What is required: Report every line of the records below that includes the string "difference".

━━━ Task material ━━━

definition weak_grad :: "(real^'n \<Rightarrow> real) \<Rightarrow> (real^'n \<Rightarrow> real^'n) \<Rightarrow> bool" where
  "weak_grad v G \<longleftrightarrow>
     (\<forall>\<psi> g. test_fn \<psi> g \<longrightarrow> (\<forall>i.
        integrable lborel (\<lambda>x. v x * g x $ i) \<and> integrable lborel (\<lambda>x. G x $ i * \<psi> x) \<and>
        (\<integral>x. v x * g x $ i \<partial>lborel) = - (\<integral>x. G x $ i * \<psi> x \<partial>lborel)))"

definition H1_uloc :: "(real^'n \<Rightarrow> real) \<Rightarrow> (real^'n \<Rightarrow> real^'n) \<Rightarrow> bool" where
  "H1_uloc v G \<longleftrightarrow>
     v \<in> borel_measurable lborel \<and> G \<in> borel_measurable lborel \<and> weak_grad v G \<and>
     (\<exists>M. \<forall>z. set_integrable lborel (ball z 1) (\<lambda>x. (v x)\<^sup>2 + (norm (G x))\<^sup>2) \<and>
              (LINT x:ball z 1|lborel. (v x)\<^sup>2 + (norm (G x))\<^sup>2) \<le> M)"

text \<open>Weak formulation of  (1/T) u - div q = div f  in R^d.\<close>
definition weak_sol :: "real \<Rightarrow> (real^'n \<Rightarrow> real) \<Rightarrow> (real^'n \<Rightarrow> real^'n) \<Rightarrow> (real^'n \<Rightarrow> real^'n) \<Rightarrow> bool" where
  "weak_sol T u q f \<longleftrightarrow>
     (\<forall>\<psi> g. test_fn \<psi> g \<longrightarrow>
        integrable lborel (\<lambda>x. u x * \<psi> x) \<and> integrable lborel (\<lambda>x. q x \<bullet> g x) \<and>
        integrable lborel (\<lambda>x. f x \<bullet> g x) \<and>
        (1 / T) * (\<integral>x. u x * \<psi> x \<partial>lborel) + (\<integral>x. q x \<bullet> g x \<partial>lborel)
          = - (\<integral>x. f x \<bullet> g x \<partial>lborel))"

definition sym_unif_elliptic :: "(real^'n \<Rightarrow> real^'n^'n) \<Rightarrow> bool" where
  "sym_unif_elliptic A \<longleftrightarrow>
     (\<forall>i j. (\<lambda>x. A x $ i $ j) \<in> borel_measurable lborel) \<and>
     (\<forall>x. transpose (A x) = A x) \<and>
     (\<exists>c>0. \<forall>x v. c * (norm v)\<^sup>2 \<le> v \<bullet> (A x *v v) \<and> norm (A x *v v) \<le> norm v / c)"

definition JU :: "(nat \<Rightarrow> (real^'n) set) \<Rightarrow> nat set \<Rightarrow> (real^'n) set" where
  "JU J E = (\<Union>n\<in>E. J n)"

definition CU :: "(real^'n \<Rightarrow> real^'n^'n) \<Rightarrow> (real^'n \<Rightarrow> real^'n^'n) \<Rightarrow> (nat \<Rightarrow> (real^'n) set)
     \<Rightarrow> nat set \<Rightarrow> real^'n \<Rightarrow> real^'n^'n" where
  "CU A A' J E x = (if x \<in> JU J E then A' x - A x else 0)"

definition AU :: "(real^'n \<Rightarrow> real^'n^'n) \<Rightarrow> (real^'n \<Rightarrow> real^'n^'n) \<Rightarrow> (nat \<Rightarrow> (real^'n) set)
     \<Rightarrow> nat set \<Rightarrow> real^'n \<Rightarrow> real^'n^'n" where
  "AU A A' J E x = A x + CU A A' J E x"

definition Jsep :: "(nat \<Rightarrow> (real^'n) set) \<Rightarrow> nat set \<Rightarrow> nat set \<Rightarrow> (real^'n) set" where
  "Jsep J E F = (\<Inter>n\<in>E. J n) - (\<Union>n\<in>F. J n)"

definition Csep :: "(real^'n \<Rightarrow> real^'n^'n) \<Rightarrow> (real^'n \<Rightarrow> real^'n^'n) \<Rightarrow> (nat \<Rightarrow> (real^'n) set)
     \<Rightarrow> nat set \<Rightarrow> nat set \<Rightarrow> real^'n \<Rightarrow> real^'n^'n" where
  "Csep A A' J E F x = (if E \<noteq> {} \<and> x \<in> Jsep J E F then A' x - A x else 0)"

definition delta :: "(nat set \<Rightarrow> real^'n \<Rightarrow> real) \<Rightarrow> real^'n \<Rightarrow> nat set \<Rightarrow> nat set \<Rightarrow> real^'n \<Rightarrow> real" where
  "delta phi \<xi> F H x = (\<Sum>G\<in>Pow F. (-1) ^ card (F - G) * (phi (G \<union> H) x + \<xi> \<bullet> x))"

definition gdelta :: "(nat set \<Rightarrow> real^'n \<Rightarrow> real^'n) \<Rightarrow> real^'n \<Rightarrow> nat set \<Rightarrow> nat set \<Rightarrow> real^'n \<Rightarrow> real^'n" where
  "gdelta Dphi \<xi> F H x = (\<Sum>G\<in>Pow F. ((-1) ^ card (F - G)) *\<^sub>R (Dphi (G \<union> H) x + \<xi>))"

end

theory Submission
  imports Defs
begin

text \<open>Both sides of every equation are linear in the family \<phi>^E, so \<delta>^F_\<xi> \<phi>^H solves the
  alternating sum of the equations for the \<phi>^(W \<union> H), W \<subseteq> F; the affine parts \<xi> \<cdot> x cancel
  because an alternating sum over the subsets of a nonempty set vanishes. What remains is a
  pointwise identity for the fluxes. At a point x let K be the set of inclusions containing x, so
  that A^E(x) = A(x) + [E \<inter> K \<noteq> {}] (A' - A)(x). A Leibniz-type rule for the finite difference
  of W \<mapsto> [W \<inter> K \<noteq> {}] v(W) splits it into the difference of v, taken with the coefficient
  A^(F \<union> H), plus correction terms whose coefficients are exactly the C_(S \<union> U \<parallel> H \<union> (F - S)).
  Moving these to the right-hand side is legitimate because the C are bounded and measurable and
  the gradients are locally integrable.\<close>

text \<open>\<open>fin_diff v F H\<close> is the paper's \<delta>^F applied to E \<mapsto> v E and evaluated at H.\<close>
definition fin_diff :: "('b set \<Rightarrow> 'a::real_vector) \<Rightarrow> 'b set \<Rightarrow> 'b set \<Rightarrow> 'a" where
  "fin_diff v P Q = (\<Sum>W\<in>Pow P. (-1) ^ card (P - W) *\<^sub>R v (W \<union> Q))"

lemma sum_Pow_insert:
  assumes "finite X" "r \<notin> X"
  shows "(\<Sum>W\<in>Pow (insert r X). f W) = (\<Sum>W\<in>Pow X. f W) + (\<Sum>W\<in>Pow X. f (insert r W))"
proof -
  have "inj_on (insert r) (Pow X)"
    using assms(2) by (intro inj_onI) (metis Diff_insert_absorb PowD in_mono)
  moreover have "Pow X \<inter> insert r ` Pow X = {}" using assms(2) by auto
  ultimately show ?thesis
    unfolding Pow_insert using assms(1) by (simp add: sum.union_disjoint sum.reindex)
qed

lemma fin_diff_insert:
  assumes "finite P" "r \<notin> P"
  shows "fin_diff v (insert r P) Q = fin_diff v P (insert r Q) - fin_diff v P Q"
proof -
  have "card (insert r P - W) = Suc (card (P - W))" "insert r P - insert r W = P - W"
    "insert r W \<union> Q = W \<union> insert r Q" if "W \<in> Pow P" for W
    using that assms by (auto simp: insert_Diff_if)
  then show ?thesis
    unfolding fin_diff_def sum_Pow_insert[OF assms] sum_negf[symmetric]
    by (simp add: sum.distrib[symmetric] sum_subtractf[symmetric])
qed

lemma fin_diff_const:
  assumes "finite P" "P \<noteq> {}"
  shows "fin_diff (\<lambda>_. c) P Q = 0"
proof -
  obtain r P' where "P = insert r P'" "r \<notin> P'" "finite P'"
    using assms by (metis finite_insert insert_Diff mk_disjoint_insert ex_in_conv)
  then show ?thesis
    using fin_diff_insert[of P' r "\<lambda>_. c"] by (simp add: fin_diff_def)
qed

lemma fin_diff_add: "fin_diff (\<lambda>W. v W + w W) P Q = fin_diff v P Q + fin_diff w P Q"
  unfolding fin_diff_def by (simp add: scaleR_add_right sum.distrib)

━━━

Answer section:
  that A^E(x) = A(x) + [E \<inter> K \<noteq> {}] (A' - A)(x). A Leibniz-type rule for the finite difference
  of W \<mapsto> [W \<inter> K \<noteq> {}] v(W) splits it into the difference of v, taken with the coefficient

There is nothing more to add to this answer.